lemma Bernstein_le_at_mean:
  fixes x :: real
  assumes "0 < x" "x < 1" "real k = real n * x" "j \<le> n"
  shows "Bernstein n j x \<le> Bernstein n k x"
proof (cases "j \<le> k")
  case True
  then show ?thesis
  proof (induction j rule: inc_induct)
    case (step m)
    then show ?case
      using Bernstein_mono_below_mean[OF assms(1-3), of m] by simp
  qed simp
next
  case False
  then have "k \<le> j"
    by simp
  then show ?thesis
    using assms(4)
  proof (induction j rule: dec_induct)
    case (step m)
    then show ?case
      using Bernstein_antimono_above_mean[OF assms(1-3), of m] by simp
  qed simp
qed

lemma Bernstein_at_mean_ge:
  fixes x :: real
  assumes "0 < x" "x < 1" "real k = real n * x"
  shows "1 \<le> (real n + 1) * Bernstein n k x"
proof -
  have "1 = (\<Sum>j\<le>n. Bernstein n j x)"
    by simp
  also have "\<dots> \<le> (\<Sum>j\<le>n. Bernstein n k x)"
    using assms by (intro sum_mono Bernstein_le_at_mean) auto
  also have "\<dots> = (real n + 1) * Bernstein n k x"
    by simp
  finally show ?thesis .
qed

section \<open>The PBR likelihood\<close>

lemma real_cnt:
  assumes "real n * t \<in> \<int>" "0 \<le> t"
  shows "real (cnt n t) = real n * t"
proof -
  obtain z :: int where z: "real n * t = of_int z"
    using assms(1) by (elim Ints_cases)
  then have "0 \<le> z"
    using assms(2) by (metis of_int_0_le_iff mult_nonneg_nonneg of_nat_0_le_iff)
  then show ?thesis
    unfolding cnt_def z by simp
qed

lemma P_PBR_self: "P_PBR n th th = (real n + 1) * Bernstein n (cnt n th) th"
  unfolding P_PBR_def Bernstein_def by simp

lemma cnt_le:
  assumes "real (cnt n t) = real n * t" "t \<le> 1"
  shows "cnt n t \<le> n" "real (n - cnt n t) = real n * (1 - t)"
proof -
  have "real n * t \<le> real n"
    using assms(2) by (simp add: mult_left_le)
  then show "cnt n t \<le> n"
    using assms(1) by simp
  then show "real (n - cnt n t) = real n * (1 - t)"
    using assms(1) by (simp add: of_nat_diff algebra_simps)
qed
(* Let $m\ge2$ be an integer and let $\omega\in\mathbb{R}^d$ with $\nu(\omega;\sigma)<\infty$ for some $\sigma>md$. Then Lebesgue-almost every point of the unit circle $\{|\lambda|=1\}$ is $m$-tangentially accessible for the set $\bigcup_{A>0}\Upsilon(A;\omega,\sigma)$. More precisely, for every $\eta>0$ there is $A>0$ such that the set of points of the unit circle that are $m$-tangentially accessible for $\Upsilon(A;\omega,\sigma)$ has complement in the unit circle of one-dimensional Lebesgue measure less than $\eta$.
   Context: $|k|=\sum_i|k_i|$; $\nu(\omega;\sigma)=\sup_{k\in\mathbb{Z}^d\setminus\{0\}}|e^{2\pi ik\cdot\omega}-1|^{-1}|k|^{-\sigma}$; $\nu(\lambda;\omega,\sigma)=\sup_{k\in\mathbb{Z}^d\setminus\{0\}}|e^{2\pi ik\cdot\omega}-\lambda|^{-1}|k|^{-\sigma}$. $\Upsilon(A;\omega,\sigma)=\{\lambda\in\mathbb{C}:\nu(\lambda;\omega,\sigma)\le A\}$, i.e. the complement of $\bigcup_{k\ne0}\{\lambda:|e^{2\pi ik\cdot\omega}-\lambda|<A^{-1}|k|^{-\sigma}\}$. Tangential accessibility: a point $\lambda_0$ is $m$-tangentially accessible for a set $\mathcal{C}\subseteq\mathbb{C}$ if there exist a unit complex number $u$ and $\delta>0$, $\gamma>0$ such that $\{\lambda_0+(t+is)u:\ |t|,|s|<\delta,\ s\ge\gamma|t|^m\}\subseteq\mathcal{C}$. *)

theory Defs
  imports "HOL-Analysis.Analysis"
begin

definition l1norm :: "int ^ 'd \<Rightarrow> real" where
  "l1norm k = (\<Sum>i\<in>UNIV. real_of_int \<bar>k $ i\<bar>)"

definition kdot :: "int ^ 'd \<Rightarrow> real ^ 'd \<Rightarrow> real" where
  "kdot k w = (\<Sum>i\<in>UNIV. real_of_int (k $ i) * w $ i)"

definition nu_lam :: "complex \<Rightarrow> real ^ 'd \<Rightarrow> real \<Rightarrow> ereal" where
  "nu_lam lam w \<sigma> =
     (SUP k\<in>{k :: int ^ 'd. k \<noteq> 0}.
        (let z = cmod (exp (complex_of_real (2 * pi * kdot k w) * \<i>) - lam)
         in if z = 0 then \<infinity> else ereal (1 / (z * l1norm k powr \<sigma>))))"

definition nu_omega :: "real ^ 'd \<Rightarrow> real \<Rightarrow> ereal" where
  "nu_omega w \<sigma> = nu_lam 1 w \<sigma>"

definition Upsilon :: "real \<Rightarrow> real ^ 'd \<Rightarrow> real \<Rightarrow> complex set" where
  "Upsilon A w \<sigma> = {lam. nu_lam lam w \<sigma> \<le> ereal A}"

definition tang_accessible :: "nat \<Rightarrow> complex set \<Rightarrow> complex \<Rightarrow> bool" where
  "tang_accessible m C lam0 \<longleftrightarrow>
     (\<exists>u \<delta> \<gamma>. cmod u = 1 \<and> \<delta> > 0 \<and> \<gamma> > 0 \<and>
        {lam0 + (complex_of_real t + \<i> * complex_of_real s) * u | t s.
            \<bar>t\<bar> < \<delta> \<and> \<bar>s\<bar> < \<delta> \<and> s \<ge> \<gamma> * \<bar>t\<bar> ^ m} \<subseteq> C)"

end

theory Submission
  imports Defs "HOL-Analysis.Infinite_Set_Sum"
begin

no_notation Infinite_Sum.abs_summable_on (infixr \<open>abs'_summable'_on\<close> 46)

text \<open>
  If every resonance \<open>cis (2\<pi> k\<cdot>\<omega>)\<close>, \<open>k \<noteq> 0\<close>, lies at distance at least
  \<open>3 (A |k|\<^sup>\<sigma>)\<^sup>-\<^sup>1\<^sup>/\<^sup>m\<close> from \<open>\<lambda>\<^sub>0\<close>, then the outward tangential region of order \<open>m\<close>
  at \<open>\<lambda>\<^sub>0\<close> keeps distance \<open>(A |k|\<^sup>\<sigma>)\<^sup>-\<^sup>1\<close> from every resonance, hence lies in \<open>\<Upsilon>(A)\<close>.
  The angles violating this condition form a union of arcs of total length
  \<open>O(A\<^sup>-\<^sup>1\<^sup>/\<^sup>m \<Sum>\<^sub>k |k|\<^sup>-\<^sup>\<sigma>\<^sup>/\<^sup>m)\<close>, and the series converges because \<open>\<sigma>/m > d\<close>.
  Letting \<open>A \<rightarrow> \<infinity>\<close> makes the exceptional set arbitrarily small, and the
  angles that are exceptional for every \<open>A\<close> form a null set.
\<close>

lemma cos_ge_1_minus_sq_div2: fixes x :: real shows "1 - x\<^sup>2 / 2 \<le> cos x"
proof -
  let ?f = "\<lambda>x. cos x - 1 + x\<^sup>2 / 2"
  have "?f \<bar>x\<bar> \<ge> ?f 0"
  proof (rule DERIV_nonneg_imp_nondecreasing [of 0])
    fix u :: real assume "0 \<le> u" "u \<le> \<bar>x\<bar>"
    show "\<exists>y. (?f has_real_derivative y) (at u) \<and> 0 \<le> y"
      using sin_x_le_x[OF \<open>0 \<le> u\<close>]
      by (intro exI[of _ "u - sin u"] conjI derivative_eq_intros) (auto simp: power2_eq_square)
  qed simp
  then show ?thesis by simp
qed

lemma sin_ge_x_minus_cube_div6: fixes x :: real assumes "0 \<le> x" shows "x - x ^ 3 / 6 \<le> sin x"
proof -
  let ?f = "\<lambda>x. sin x - x + x ^ 3 / 6"
  have "?f x \<ge> ?f 0"
  proof (rule DERIV_nonneg_imp_nondecreasing [OF assms])
    fix u :: real
    show "\<exists>y. (?f has_real_derivative y) (at u) \<and> 0 \<le> y"
      using cos_ge_1_minus_sq_div2[of u]
      by (intro exI[of _ "cos u - 1 + u\<^sup>2 / 2"] conjI derivative_eq_intros) (auto simp: power2_eq_square)
  qed
  then show ?thesis by simp
qed

lemma abs_le_3_cmod_cis_minus_1:
  fixes y :: real assumes "\<bar>y\<bar> \<le> pi" shows "\<bar>y\<bar> \<le> 3 * cmod (cis y - 1)"
proof -
  define x where "x = \<bar>y\<bar> / 2"
  have x: "0 \<le> x" "x \<le> pi / 2" using assms by (auto simp: x_def)
  have "(cmod (cis y - 1))\<^sup>2 = (cos y - 1)\<^sup>2 + (sin y)\<^sup>2" by (simp add: cmod_power2)
  also have "\<dots> = 2 - 2 * cos \<bar>y\<bar>"
    using sin_cos_squared_add[of y] by (simp add: power2_eq_square algebra_simps)
  also have "\<dots> = (2 * sin x)\<^sup>2" unfolding x_def using cos_double_sin[of "\<bar>y\<bar> / 2"] by simp
  finally have "(cmod (cis y - 1))\<^sup>2 = (2 * sin x)\<^sup>2" .
  moreover have "0 \<le> 2 * sin x" using sin_ge_zero[of x] x pi_half_less_two by simp
  ultimately have chord: "cmod (cis y - 1) = 2 * sin x"
    by (metis norm_ge_zero power2_eq_iff_nonneg)
  have "x\<^sup>2 \<le> 2\<^sup>2" using x pi_half_less_two by (intro power_mono) auto
  then have "x / 3 \<le> x - x ^ 3 / 6"
    using mult_left_mono[OF _ x(1), of "x\<^sup>2" 4] by (simp add: power2_eq_square power3_eq_cube)
  also have "\<dots> \<le> sin x" by (rule sin_ge_x_minus_cube_div6[OF x(1)])
  finally show ?thesis using chord by (simp add: x_def)
qed

lemma cis_near_imp_angle_near:
  fixes a \<theta> \<rho> :: real
  assumes \<theta>: "\<theta> \<in> {0..<2*pi}" and near: "cmod (cis a - cis \<theta>) < \<rho>"
  obtains j :: int where "j \<in> {-1, 0, 1}" "\<bar>\<theta> - (2*pi * frac (a / (2*pi)) + 2*pi*j)\<bar> < 3 * \<rho>"
proof -
  define a' where "a' = 2*pi * frac (a / (2*pi))"
  have a': "0 \<le> a'" "a' < 2*pi" using frac_lt_1[of "a / (2*pi)"] by (auto simp: a'_def)
  have "a = a' + 2*pi * \<lfloor>a / (2*pi)\<rfloor>" by (simp add: a'_def frac_def algebra_simps)
  then have cis_a: "cis a = cis a'" by (metis cis_mult cis_multiple_2pi Ints_of_int mult_1_right)
  obtain j :: int where j: "j \<in> {-1, 0, 1}" "\<bar>\<theta> - a' - 2*pi*j\<bar> \<le> pi"
  proof -
    consider "\<theta> - a' > pi" | "\<theta> - a' < - pi" | "\<bar>\<theta> - a'\<bar> \<le> pi" by linarith
    then show ?thesis using that[of 1] that[of "-1"] that[of 0] \<theta> a' by cases auto
  qed
  define y where "y = \<theta> - a' - 2*pi*j"
  have "cis a' * cis y = cis (\<theta> - 2*pi*j)" by (simp add: cis_mult y_def)
  also have "\<dots> = cis \<theta>" by (metis cis_divide cis_multiple_2pi Ints_of_int div_by_1)
  finally have "cis a - cis \<theta> = - cis a' * (cis y - 1)" by (simp add: cis_a algebra_simps)
  then have "cmod (cis a - cis \<theta>) = cmod (cis y - 1)" by (simp add: norm_mult)
  then have "\<bar>y\<bar> < 3 * \<rho>" using abs_le_3_cmod_cis_minus_1[of y] j(2) near by (simp add: y_def)
  then show ?thesis using that[OF j(1)] by (simp add: y_def a'_def algebra_simps)
qed

lemma cis_near_sets_borel: "{\<theta> \<in> {0..<2*pi}. cmod (cis a - cis \<theta>) < \<rho>} \<in> sets borel"
proof -
  have "open {\<theta>. cmod (cis a - cis \<theta>) < \<rho>}"
    by (intro open_Collect_less continuous_intros)
  then show ?thesis by (simp add: Collect_conj_eq)
qed

lemma emeasure_cis_near_le:
  fixes a \<rho> :: real assumes "0 \<le> \<rho>"
  shows "emeasure lborel {\<theta> \<in> {0..<2*pi}. cmod (cis a - cis \<theta>) < \<rho>} \<le> ennreal (18 * \<rho>)"
proof -
  define c where "c = 2*pi * frac (a / (2*pi))"
  define I where "I j = {c + 2*pi*j - 3*\<rho> <..< c + 2*pi*j + 3*\<rho>}" for j :: int
  have "emeasure lborel {\<theta> \<in> {0..<2*pi}. cmod (cis a - cis \<theta>) < \<rho>}
      \<le> emeasure lborel (\<Union>j\<in>{-1, 0, 1}. I j)"
  proof (rule emeasure_mono)
    show "{\<theta> \<in> {0..<2*pi}. cmod (cis a - cis \<theta>) < \<rho>} \<subseteq> (\<Union>j\<in>{-1, 0, 1}. I j)"
    proof
      fix \<theta> assume "\<theta> \<in> {\<theta> \<in> {0..<2*pi}. cmod (cis a - cis \<theta>) < \<rho>}"
      then obtain j :: int where "j \<in> {-1, 0, 1}" "\<bar>\<theta> - (c + 2*pi*j)\<bar> < 3 * \<rho>"
        unfolding c_def by (blast elim: cis_near_imp_angle_near)
      then show "\<theta> \<in> (\<Union>j\<in>{-1, 0, 1}. I j)" by (auto simp: I_def abs_less_iff)
    qed
  qed (auto simp: I_def)
  also have "\<dots> \<le> (\<Sum>j\<in>{-1, 0, 1}. emeasure lborel (I j))"
    by (rule emeasure_subadditive_finite) (auto simp: I_def)
  also have "\<dots> = 3 * ennreal (6 * \<rho>)"
    using assms by (simp add: I_def)
  also have "\<dots> = ennreal (18 * \<rho>)"
    using ennreal_mult'[of 3 "6 * \<rho>"] by simp
  finally show ?thesis .
qed

lemma emeasure_UN_cis_near_le:
  fixes a r :: "nat \<Rightarrow> real"
  assumes r: "summable r" "\<And>n. 0 \<le> r n"
  shows "emeasure lborel (\<Union>n. {\<theta> \<in> {0..<2*pi}. cmod (cis (a n) - cis \<theta>) < r n})
    \<le> ennreal (18 * suminf r)"
proof -
  have "emeasure lborel (\<Union>n. {\<theta> \<in> {0..<2*pi}. cmod (cis (a n) - cis \<theta>) < r n})
      \<le> (\<Sum>n. emeasure lborel {\<theta> \<in> {0..<2*pi}. cmod (cis (a n) - cis \<theta>) < r n})"
    using cis_near_sets_borel by (intro emeasure_subadditive_countably) auto
  also have "\<dots> \<le> (\<Sum>n. ennreal (18 * r n))"
    using r(2) by (intro suminf_le summableI emeasure_cis_near_le)
  also have "\<dots> = ennreal (\<Sum>n. 18 * r n)"
    using r by (intro suminf_ennreal2 summable_mult) auto
  also have "(\<Sum>n. 18 * r n) = 18 * suminf r"
    using r(1) by (rule suminf_mult)
  finally show ?thesis .
qed

lemma l1norm_nonneg: "0 \<le> l1norm k"
  unfolding l1norm_def by (simp add: sum_nonneg)

lemma abs_le_l1norm: "real_of_int \<bar>k $ i\<bar> \<le> l1norm k"
  unfolding l1norm_def by (rule member_le_sum) auto

lemma l1norm_ge_1: assumes "k \<noteq> 0" shows "1 \<le> l1norm k"
proof -
  obtain i where "k $ i \<noteq> 0" using assms by (metis vec_eq_iff zero_index)
  then show ?thesis using abs_le_l1norm[of k i] by linarith
qed

lemma abs_summable_on_int_powr:
  fixes q :: real assumes "q > 1"
  shows "(\<lambda>n::int. (1 + real_of_int \<bar>n\<bar>) powr - q) abs_summable_on UNIV"
proof -
  let ?g = "\<lambda>n::int. (1 + real_of_int \<bar>n\<bar>) powr - q"
  have "summable (\<lambda>n. real n powr - q)" using assms summable_real_powr_iff by simp
  then have "summable (\<lambda>n. real (Suc n) powr - q)" by (subst summable_Suc_iff)
  then have nat: "(\<lambda>n::nat. (1 + real n) powr - q) abs_summable_on UNIV"
    by (simp add: abs_summable_on_nat_iff' add.commute)
  have "?g abs_summable_on range int" "?g abs_summable_on range (\<lambda>n. - int n)"
    using nat by (auto intro!: abs_summable_on_reindex)
  moreover have "n \<in> range int \<union> range (\<lambda>n. - int n)" for n :: int
    by (cases "0 \<le> n") (auto intro: image_eqI[of _ _ "nat n"] image_eqI[of _ _ "nat (- n)"])
  then have "UNIV = range int \<union> range (\<lambda>n. - int n)" by blast
  ultimately show ?thesis by (metis abs_summable_on_union)
qed

lemma abs_summable_on_vec_prod_powr:
  fixes q :: real assumes "q > 1"
  shows "(\<lambda>k::int ^ 'd. \<Prod>i\<in>UNIV. (1 + real_of_int \<bar>k $ i\<bar>) powr - q) abs_summable_on UNIV"
proof -
  let ?g = "\<lambda>n::int. (1 + real_of_int \<bar>n\<bar>) powr - q"
  have inj: "inj (vec_nth :: int ^ 'd \<Rightarrow> 'd \<Rightarrow> int)" by (simp add: inj_on_def vec_eq_iff)
  have "(\<lambda>p. \<Prod>i\<in>UNIV. ?g (p i)) abs_summable_on PiE (UNIV :: 'd set) (\<lambda>_. UNIV)"
    using abs_summable_on_int_powr[OF assms] by (intro abs_summable_on_prod_PiE) auto
  also have "PiE (UNIV :: 'd set) (\<lambda>_. UNIV :: int set) = range vec_nth"
    by (auto simp: PiE_UNIV_domain intro!: image_eqI[of _ _ "vec_lambda _"])
  finally show ?thesis
    using abs_summable_on_reindex_iff[OF inj, of "\<lambda>p. \<Prod>i\<in>UNIV. ?g (p i)"] by simp
qed

lemma one_plus_l1norm_powr_le_prod:
  fixes k :: "int ^ 'd" and q :: real assumes "0 \<le> q"
  shows "(1 + l1norm k) powr - (q * CARD('d)) \<le> (\<Prod>i\<in>UNIV. (1 + real_of_int \<bar>k $ i\<bar>) powr - q)"
proof -
  have "(1 + l1norm k) powr - (q * CARD('d)) = (\<Prod>i\<in>(UNIV :: 'd set). (1 + l1norm k) powr - q)"
    using l1norm_nonneg[of k] by (simp add: powr_power mult.commute)
  also have "\<dots> \<le> (\<Prod>i\<in>UNIV. (1 + real_of_int \<bar>k $ i\<bar>) powr - q)"
    using assms abs_le_l1norm[of k] by (intro prod_mono conjI powr_mono2') auto
  finally show ?thesis .
qed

- _Your instructions_
Search the preceding listing for the word "resonance" and pull out every line that holds it.

- _Result_
  If every resonance \<open>cis (2\<pi> k\<cdot>\<omega>)\<close>, \<open>k \<noteq> 0\<close>, lies at distance at least
  at \<open>\<lambda>\<^sub>0\<close> keeps distance \<open>(A |k|\<^sup>\<sigma>)\<^sup>-\<^sup>1\<close> from every resonance, hence lies in \<open>\<Upsilon>(A)\<close>.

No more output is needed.